(Saved data entries)
lemma emb_add: "emb (x + y) = emb x + emb y"
  using presents unfolding is_A_P_def by blast
lemma emb_mult: "emb (x * y) = emb x * emb y"
  using presents unfolding is_A_P_def by blast
lemma emb_1 [simp]: "emb 1 = 1"
  using presents unfolding is_A_P_def by blast
lemma emb_commute: "emb x * a = a * emb x"
  using presents unfolding is_A_P_def by blast
lemma Z_Zi [simp]: "Z * Zi = 1"
  using presents unfolding is_A_P_def by blast
lemma Zi_Z [simp]: "Zi * Z = 1"
  using presents unfolding is_A_P_def by blast
lemma Z_u_Zi: "Z * u * Zi = emb (complex_of_real (q ^ 2)) * u"
  using presents unfolding is_A_P_def by blast
lemma Z_v_Zi: "Z * v * Zi = emb (complex_of_real (inverse q ^ 2)) * v"
  using presents unfolding is_A_P_def by blast
lemma u_v: "u * v = lp emb p (sZ (inverse q)) (sZi q)"
  using presents unfolding is_A_P_def by blast
lemma v_u: "v * u = lp emb p (sZ q) (sZi (inverse q))"
  using presents unfolding is_A_P_def by blast
lemma mon_span:
  obtains cf where "finite {pk. cf pk \<noteq> 0}"
    "a = (\<Sum>pk\<in>{pk. cf pk \<noteq> 0}. emb (cf pk) * mon (fst pk) (snd pk))"
  using presents unfolding is_A_P_def by blast

lemma emb_0 [simp]: "emb 0 = 0"
  using emb_add[of 0 0] by simp

lemma mon_independent:
  assumes "finite S" "(\<Sum>pk\<in>S. emb (c pk) * mon (fst pk) (snd pk)) = 0" "pk \<in> S"
  shows "c pk = 0"
proof -
  define cf where "cf pk = (if pk \<in> S then c pk else 0)" for pk
  have sub: "{pk. cf pk \<noteq> 0} \<subseteq> S" by (auto simp: cf_def split: if_splits)
  have "(\<Sum>pk\<in>{pk. cf pk \<noteq> 0}. emb (cf pk) * mon (fst pk) (snd pk))
      = (\<Sum>pk\<in>S. emb (cf pk) * mon (fst pk) (snd pk))"
    by (rule sum.mono_neutral_left[OF assms(1) sub]) auto
  also have "\<dots> = 0" using assms(2) by (simp add: cf_def)
  finally have "cf pk = 0"
    using presents finite_subset[OF sub assms(1)] unfolding is_A_P_def by blast
  then show ?thesis using assms(3) by (simp add: cf_def)
qed

lemma emb_diff: "emb (x - y) = emb x - emb y"
  using emb_add[of "x - y" y] by (simp add: eq_diff_eq)
lemma emb_sum: "emb (sum f S) = (\<Sum>x\<in>S. emb (f x))"
  by (induction S rule: infinite_finite_induct) (auto simp: emb_add)
lemma emb_left_commute: "a * (emb x * b) = emb x * (a * b)"
  by (metis mult.assoc emb_commute)
lemma emb_emb_mult [simp]: "emb x * (emb y * b) = emb (x * y) * b"
  by (simp add: emb_mult mult.assoc)
lemma emb_emb [simp]: "emb x * emb y = emb (x * y)"
  by (simp add: emb_mult)
lemma emb_power_mult: "(emb a * X) ^ n = emb (a ^ n) * X ^ n"
  by (induction n) (simp_all add: emb_left_commute[of X] mult.assoc)
text \<open>Moving from \<open>x\<close> to \<open>x + h\<close> one coordinate direction at a time, each step is a mean
  value step along a line whose intermediate points stay within \<open>norm h\<close> of \<open>x\<close>.\<close>

lemma increment_estimate_by_partials:
  fixes g :: "'a::euclidean_space \<Rightarrow> real" and D :: "'a \<Rightarrow> 'a \<Rightarrow> real"
  assumes deriv: "\<And>b y. b \<in> Basis \<Longrightarrow> ((\<lambda>t. g (y + t *\<^sub>R b)) has_real_derivative D b y) (at 0)"
    and close: "\<And>b z. b \<in> Basis \<Longrightarrow> norm (z - x) < d \<Longrightarrow> \<bar>D b z - D b x\<bar> \<le> e"
    and "S \<subseteq> Basis" and h: "norm h < d"
  shows "\<bar>g (x + (\<Sum>b\<in>S. (h \<bullet> b) *\<^sub>R b)) - g x - (\<Sum>b\<in>S. (h \<bullet> b) * D b x)\<bar>
           \<le> e * (\<Sum>b\<in>S. \<bar>h \<bullet> b\<bar>)"
proof -
  have "finite S" using \<open>S \<subseteq> Basis\<close> by (rule finite_subset) simp
  then show ?thesis using \<open>S \<subseteq> Basis\<close>
  proof (induction S rule: finite_induct)
    case empty
    then show ?case by simp
  next
    case (insert c S)
    define y where "y = x + (\<Sum>b\<in>S. (h \<bullet> b) *\<^sub>R b)"
    have c: "c \<in> Basis" using insert.prems by auto
    obtain s where s: "\<bar>s\<bar> \<le> \<bar>h \<bullet> c\<bar>"
      "g (y + (h \<bullet> c) *\<^sub>R c) - g y = (h \<bullet> c) * D c (y + s *\<^sub>R c)"
      using mean_value_along_line[OF deriv[OF c], where t = "h \<bullet> c" and y = y] by blast
    have "norm ((\<Sum>b\<in>S. (h \<bullet> b) *\<^sub>R b) + s *\<^sub>R c) \<le> norm h"
      using insert.prems insert.hyps(2) s(1)
      by (intro norm_le_componentwise abs_inner_partial_sum_le) auto
    moreover have "y + s *\<^sub>R c - x = (\<Sum>b\<in>S. (h \<bullet> b) *\<^sub>R b) + s *\<^sub>R c"
      by (simp add: y_def)
    ultimately have "norm (y + s *\<^sub>R c - x) \<le> norm h"
      by (simp only:)
    then have "\<bar>D c (y + s *\<^sub>R c) - D c x\<bar> \<le> e"
      using h by (intro close[OF c]) simp
    then have "\<bar>D c (y + s *\<^sub>R c) - D c x\<bar> * \<bar>h \<bullet> c\<bar> \<le> e * \<bar>h \<bullet> c\<bar>"
      by (rule mult_right_mono) simp
    moreover have "\<bar>(h \<bullet> c) * D c (y + s *\<^sub>R c) - (h \<bullet> c) * D c x\<bar>
        = \<bar>D c (y + s *\<^sub>R c) - D c x\<bar> * \<bar>h \<bullet> c\<bar>"
      by (metis abs_mult mult.commute right_diff_distrib)
    moreover have "x + (\<Sum>b\<in>insert c S. (h \<bullet> b) *\<^sub>R b) = y + (h \<bullet> c) *\<^sub>R c"
      using insert.hyps by (simp add: y_def algebra_simps)
    then have "g (x + (\<Sum>b\<in>insert c S. (h \<bullet> b) *\<^sub>R b)) = g y + (h \<bullet> c) * D c (y + s *\<^sub>R c)"
      using s(2) by simp
    moreover have "\<bar>g y - g x - (\<Sum>b\<in>S. (h \<bullet> b) * D b x)\<bar> \<le> e * (\<Sum>b\<in>S. \<bar>h \<bullet> b\<bar>)"
      using insert by (simp add: y_def)
    ultimately show ?case
      unfolding sum.insert[OF insert.hyps] distrib_left by arith
  qed
qed

lemma has_derivative_of_continuous_partials:
  fixes g :: "'a::euclidean_space \<Rightarrow> real" and D :: "'a \<Rightarrow> 'a \<Rightarrow> real"
  assumes deriv: "\<And>b y. b \<in> Basis \<Longrightarrow> ((\<lambda>t. g (y + t *\<^sub>R b)) has_real_derivative D b y) (at 0)"
    and cont: "\<And>b. b \<in> Basis \<Longrightarrow> isCont (D b) x"
  shows "(g has_derivative (\<lambda>h. \<Sum>b\<in>Basis. (h \<bullet> b) * D b x)) (at x)"
  unfolding has_derivative_at_alt
proof (intro conjI allI impI)
  show "bounded_linear (\<lambda>h. \<Sum>b\<in>Basis. (h \<bullet> b) * D b x)"
    by (intro bounded_linear_sum bounded_linear_mult_const bounded_linear_inner_left)
next
  fix e :: real
  assume "e > 0"
  define e' where "e' = e / DIM('a)"
  have "e' > 0" using \<open>e > 0\<close> by (simp add: e'_def)
  have "\<forall>\<^sub>F z in at x. \<forall>b\<in>Basis. dist (D b z) (D b x) < e'"
    using cont \<open>e' > 0\<close> by (intro eventually_ball_finite) (auto simp: continuous_at tendsto_iff)
  then obtain d where "d > 0"
    and d: "\<And>z. z \<noteq> x \<Longrightarrow> dist z x < d \<Longrightarrow> \<forall>b\<in>Basis. dist (D b z) (D b x) < e'"
    unfolding eventually_at by blast
  have close: "\<bar>D b z - D b x\<bar> \<le> e'" if "b \<in> Basis" "norm (z - x) < d" for b z
    using d[of z] that \<open>e' > 0\<close> by (cases "z = x") (auto simp: dist_norm)
  have "norm (g y - g x - (\<Sum>b\<in>Basis. ((y - x) \<bullet> b) * D b x)) \<le> e * norm (y - x)"
    if y: "norm (y - x) < d" for y
  proof -
    have "norm (g y - g x - (\<Sum>b\<in>Basis. ((y - x) \<bullet> b) * D b x))
        \<le> e' * (\<Sum>b\<in>Basis. \<bar>(y - x) \<bullet> b\<bar>)"
      using increment_estimate_by_partials[OF deriv close order_refl y]
      by (simp add: euclidean_representation)
    also have "\<dots> \<le> e' * (\<Sum>b\<in>(Basis::'a set). norm (y - x))"
      using \<open>e' > 0\<close> by (intro mult_left_mono sum_mono Basis_le_norm) auto
    also have "\<dots> = e * norm (y - x)" by (simp add: e'_def)
    finally show ?thesis .
  qed
  then show "\<exists>d>0. \<forall>y. norm (y - x) < d \<longrightarrow>
      norm (g y - g x - (\<Sum>b\<in>Basis. ((y - x) \<bullet> b) * D b x)) \<le> e * norm (y - x)"
    using \<open>d > 0\<close> by blast
qed
lemma dominating_edge_del_vertex:
  assumes "v \<in> V"
  shows "\<exists>a b. dominating_edge (V - {v}) (del_vertex_edges E v) a b"
proof -
  obtain i where i: "i \<in> I" "v \<in> {r i, t i, w i, z i}" using assms by (rule vertex_cases)
  obtain j where j: "j \<in> I" "j \<noteq> i" using i(1) by (rule other_index)
  let ?D = "dominating_edge (V - {v}) (del_vertex_edges E v)"
  from i(2) show ?thesis
  proof (elim insertE emptyE)
    assume "v = r i"
    with i(1) j have "?D (t i) (z j)"
      unfolding dominating_edge_def dominating_set_def del_vertex_edges_def
      by (auto elim!: vertex_cases)
    then show ?thesis by blast
  next
    assume "v = t i"
    with i(1) j have "?D (r i) (t j)"
      unfolding dominating_edge_def dominating_set_def del_vertex_edges_def
      by (auto elim!: vertex_cases)
    then show ?thesis by blast
  next
    assume "v = w i"
    with i(1) j have "?D (w j) (z i)"
      unfolding dominating_edge_def dominating_set_def del_vertex_edges_def
      by (auto elim!: vertex_cases)
    then show ?thesis by blast
  next
    assume "v = z i"
    with i(1) j have "?D (r j) (w i)"
      unfolding dominating_edge_def dominating_set_def del_vertex_edges_def
      by (auto elim!: vertex_cases)
    then show ?thesis by blast
  qed
qed

lemma non_adjacent_cases:
  assumes "u \<in> V" "v \<in> V" "u \<noteq> v" "\<not> E u v"
  obtains (r_t) i where "i \<in> I" "{u, v} = {r i, t i}"
    | (r_z) i j where "i \<in> I" "j \<in> I" "{u, v} = {r i, z j}"
    | (t_t) i j where "i \<in> I" "j \<in> I" "i \<noteq> j" "{u, v} = {t i, t j}"
    | (t_w) i where "i \<in> I" "{u, v} = {t i, w i}"
    | (w_w) i j where "i \<in> I" "j \<in> I" "i \<noteq> j" "{u, v} = {w i, w j}"
    | (w_z) i where "i \<in> I" "{u, v} = {w i, z i}"
proof -
  obtain i j where i: "i \<in> I" "u \<in> {r i, t i, w i, z i}" and j: "j \<in> I" "v \<in> {r j, t j, w j, z j}"
    using assms(1,2) by (metis vertex_cases)
  from i(2) j(2) show thesis
    using i(1) j(1) assms(3,4) by (elim insertE emptyE) (auto intro: that simp: insert_commute)
qed

lemma dominating_edge_add_edge:
  assumes "u \<in> V" "v \<in> V" "u \<noteq> v" "\<not> E u v"
  shows "\<exists>a b. dominating_edge V (add_edge E u v) a b"
  using assms
proof (cases rule: non_adjacent_cases)
  case (r_t i)
  have "dominating_edge V (add_edge E (r i) (t i)) (r i) (t i)"
    using r_t(1) unfolding dominating_edge_def dominating_set_def add_edge_def
    by (auto elim!: vertex_cases)
  then show ?thesis using add_edge_eq_if_doubleton_eq[OF r_t(2)] by auto
next
  case (r_z i j)
  have "dominating_edge V (add_edge E (r i) (z j)) (r i) (z j)"
    using r_z(1,2) unfolding dominating_edge_def dominating_set_def add_edge_def
    by (auto elim!: vertex_cases)
  then show ?thesis using add_edge_eq_if_doubleton_eq[OF r_z(3)] by auto
next
  case (t_t i j)
  have "dominating_edge V (add_edge E (t i) (t j)) (r j) (t i)"
    using t_t(1-3) unfolding dominating_edge_def dominating_set_def add_edge_def
    by (auto elim!: vertex_cases)
  then show ?thesis using add_edge_eq_if_doubleton_eq[OF t_t(4)] by auto
next
  case (t_w i)
  have "dominating_edge V (add_edge E (t i) (w i)) (t i) (w i)"
    using t_w(1) unfolding dominating_edge_def dominating_set_def add_edge_def
    by (auto elim!: vertex_cases)
  then show ?thesis using add_edge_eq_if_doubleton_eq[OF t_w(2)] by auto
next
  case (w_w i j)
  have "dominating_edge V (add_edge E (w i) (w j)) (w i) (z j)"
    using w_w(1-3) unfolding dominating_edge_def dominating_set_def add_edge_def
    by (auto elim!: vertex_cases)
  then show ?thesis using add_edge_eq_if_doubleton_eq[OF w_w(4)] by auto
next
  case (w_z i)
  obtain k where "k \<in> I" "k \<noteq> i" using \<open>i \<in> I\<close> by (rule other_index)
  have "dominating_edge V (add_edge E (w i) (z i)) (r k) (w i)"
    using w_z(1) \<open>k \<in> I\<close> \<open>k \<noteq> i\<close> unfolding dominating_edge_def dominating_set_def add_edge_def
    by (auto elim!: vertex_cases)
  then show ?thesis using add_edge_eq_if_doubleton_eq[OF w_z(2)] by auto
qed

▶ Task goal: With "rule" as the string to find, copy every line of the records that holds it.

▶ Final answer:
    by (rule sum.mono_neutral_left[OF assms(1) sub]) auto
  by (induction S rule: infinite_finite_induct) (auto simp: emb_add)
  have "finite S" using \<open>S \<subseteq> Basis\<close> by (rule finite_subset) simp
  proof (induction S rule: finite_induct)
      by (rule mult_right_mono) simp
  obtain i where i: "i \<in> I" "v \<in> {r i, t i, w i, z i}" using assms by (rule vertex_cases)
  obtain j where j: "j \<in> I" "j \<noteq> i" using i(1) by (rule other_index)
proof (cases rule: non_adjacent_cases)
  obtain k where "k \<in> I" "k \<noteq> i" using \<open>i \<in> I\<close> by (rule other_index)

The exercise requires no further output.